Why pay for something that you can do yourself?




> Also, how genuine and effective are the services of ISA Global, headquartered in Noida ?



Why not try Googling the info?


----------



## JT9688 (Jan 19, 2016)

Very few immigration counsel have agents in India. Agents are not allowed to provide any immigration advice. All they are legally able to do are suppose to give you the name of counsel.

I suggest you look at ICCRC website and find someone there. If they are listed on this website they are legitimate immigration consultants and can legally work on your file.

Regards

JT9688


----------



## snb (Nov 8, 2015)

Misha05 said:


> Hello,
> 
> Could you please advice on reliable agents in Delhi/Noida area for Immigration to Canada?
> Also, how genuine and effective are the services of ISA Global, headquartered in Noida ?
> ...


Please avoid agents! My personal experience was quite bad. Most of the agents don't know how things work. Finally you end up doing everything on your own.

After interacting with them few times with my agents I stopped taking their suggestions and did everything on my own. All they do is send some links which are already available online. This forum is many times better than any agent. If you can spend a few minutes here on this forum everyday , you don't need agents that is my experience !


----------



## JT9688 (Jan 19, 2016)

snb said:


> Please avoid agents! My personal experience was quite bad. Most of the agents don't know how things work. Finally you end up doing everything on your own.
> 
> After interacting with them few times with my agents I stopped taking their suggestions and did everything on my own. All they do is send some links which are already available online. This forum is many times better than any agent. If you can spend a few minutes here on this forum everyday , you don't need agents that is my experience !

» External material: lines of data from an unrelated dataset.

(* Let $G$ be a Garside group with Garside monoid $M$ (so $M\subset G$). For every $a\in G$, the centralizer $Z(a)=\{c\in G:\ ca=ac\}$ is generated (as a group) by elements of $M$, i.e. $Z(a)$ is generated by $Z(a)\cap M$.
   Context: A monoid $M$ is atomic if it is generated by its atoms (elements $x\neq 1$ such that $x=yz$ implies $y=1$ or $z=1$) and for every $a\in M$ there is $N_a>0$ such that $a$ is not a product of more than $N_a$ atoms. A Garside monoid is an atomic, left and right cancellative monoid in which every pair of elements has left and right least common multiples and greatest common divisors, and which has a Garside element $\Delta$: an element whose left divisors coincide with its right divisors, form a finite set, and generate $M$. A Garside group is the group of fractions $G$ of a Garside monoid $M$; $M$ embeds in $G$ and its elements are called positive. (It is known that some power $\Delta^k$, $k\geq 1$, is central in $G$, and every element of $G$ can be multiplied by a suitable power of $\Delta^{k}$ to become positive.) *)

theory Defs
  imports "HOL-Algebra.Algebra"
begin

definition mprod :: "('a, 'b) monoid_scheme \<Rightarrow> 'a list \<Rightarrow> 'a" where
  "mprod M xs = foldr (\<lambda>x y. x \<otimes>\<^bsub>M\<^esub> y) xs \<one>\<^bsub>M\<^esub>"

definition ldiv :: "('a, 'b) monoid_scheme \<Rightarrow> 'a \<Rightarrow> 'a \<Rightarrow> bool" where
  "ldiv M a b \<longleftrightarrow> (\<exists>c\<in>carrier M. a \<otimes>\<^bsub>M\<^esub> c = b)"

definition rdiv :: "('a, 'b) monoid_scheme \<Rightarrow> 'a \<Rightarrow> 'a \<Rightarrow> bool" where
  "rdiv M a b \<longleftrightarrow> (\<exists>c\<in>carrier M. c \<otimes>\<^bsub>M\<^esub> a = b)"

definition is_atom :: "('a, 'b) monoid_scheme \<Rightarrow> 'a \<Rightarrow> bool" where
  "is_atom M x \<longleftrightarrow> x \<in> carrier M \<and> x \<noteq> \<one>\<^bsub>M\<^esub> \<and>
     (\<forall>y\<in>carrier M. \<forall>z\<in>carrier M. x = y \<otimes>\<^bsub>M\<^esub> z \<longrightarrow> y = \<one>\<^bsub>M\<^esub> \<or> z = \<one>\<^bsub>M\<^esub>)"

definition monoid_generates :: "('a, 'b) monoid_scheme \<Rightarrow> 'a set \<Rightarrow> bool" where
  "monoid_generates M S \<longleftrightarrow>
     (\<forall>a\<in>carrier M. \<exists>xs. set xs \<subseteq> S \<and> mprod M xs = a)"

definition atomic_monoid :: "('a, 'b) monoid_scheme \<Rightarrow> bool" where
  "atomic_monoid M \<longleftrightarrow> monoid M \<and>
     monoid_generates M {x. is_atom M x} \<and>
     (\<forall>a\<in>carrier M. \<exists>N::nat. N > 0 \<and>
        (\<forall>xs. set xs \<subseteq> {x. is_atom M x} \<and> mprod M xs = a \<longrightarrow> length xs \<le> N))"

definition cancellative_monoid :: "('a, 'b) monoid_scheme \<Rightarrow> bool" where
  "cancellative_monoid M \<longleftrightarrow>
     (\<forall>a\<in>carrier M. \<forall>b\<in>carrier M. \<forall>c\<in>carrier M.
        (a \<otimes>\<^bsub>M\<^esub> b = a \<otimes>\<^bsub>M\<^esub> c \<longrightarrow> b = c) \<and>
        (b \<otimes>\<^bsub>M\<^esub> a = c \<otimes>\<^bsub>M\<^esub> a \<longrightarrow> b = c))"

definition is_lcm_wrt :: "('a, 'b) monoid_scheme \<Rightarrow> ('a \<Rightarrow> 'a \<Rightarrow> bool) \<Rightarrow> 'a \<Rightarrow> 'a \<Rightarrow> 'a \<Rightarrow> bool" where
  "is_lcm_wrt M D a b m \<longleftrightarrow> m \<in> carrier M \<and> D a m \<and> D b m \<and>
     (\<forall>d\<in>carrier M. D a d \<and> D b d \<longrightarrow> D m d)"

definition is_gcd_wrt :: "('a, 'b) monoid_scheme \<Rightarrow> ('a \<Rightarrow> 'a \<Rightarrow> bool) \<Rightarrow> 'a \<Rightarrow> 'a \<Rightarrow> 'a \<Rightarrow> bool" where
  "is_gcd_wrt M D a b g \<longleftrightarrow> g \<in> carrier M \<and> D g a \<and> D g b \<and>
     (\<forall>d\<in>carrier M. D d a \<and> D d b \<longrightarrow> D d g)"

definition garside_element :: "('a, 'b) monoid_scheme \<Rightarrow> 'a \<Rightarrow> bool" where
  "garside_element M \<Delta> \<longleftrightarrow> \<Delta> \<in> carrier M \<and>
     {x\<in>carrier M. ldiv M x \<Delta>} = {x\<in>carrier M. rdiv M x \<Delta>} \<and>
     finite {x\<in>carrier M. ldiv M x \<Delta>} \<and>
     monoid_generates M {x\<in>carrier M. ldiv M x \<Delta>}"

definition garside_monoid :: "('a, 'b) monoid_scheme \<Rightarrow> bool" where
  "garside_monoid M \<longleftrightarrow> atomic_monoid M \<and> cancellative_monoid M \<and>
     (\<forall>a\<in>carrier M. \<forall>b\<in>carrier M.
        (\<exists>m. is_lcm_wrt M (ldiv M) a b m) \<and> (\<exists>m. is_lcm_wrt M (rdiv M) a b m) \<and>
        (\<exists>g. is_gcd_wrt M (ldiv M) a b g) \<and> (\<exists>g. is_gcd_wrt M (rdiv M) a b g)) \<and>
     (\<exists>\<Delta>. garside_element M \<Delta>)"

That is correct, Agents are not the authorized representatives. Besides the only people legally allowed to be paid doing Canadian immigration law are ICCRC licensed representatives and Canadian lawyers who are members of the Canadian Bar Association as well as MICC representatives. 

As indicated above, they must be listed on ICCRC or the Canadian Bar Association and be Canadian PRs or citizens. If not, then they are not legally allowed to do any work for you.

Yes you can do things yourself but I will say that if you do things wrong you will end up paying twice as much to get things fixed. 

If you are paying so much money to move to Canada, is the professional fee you pay your representative going to mean that much more to you.


----------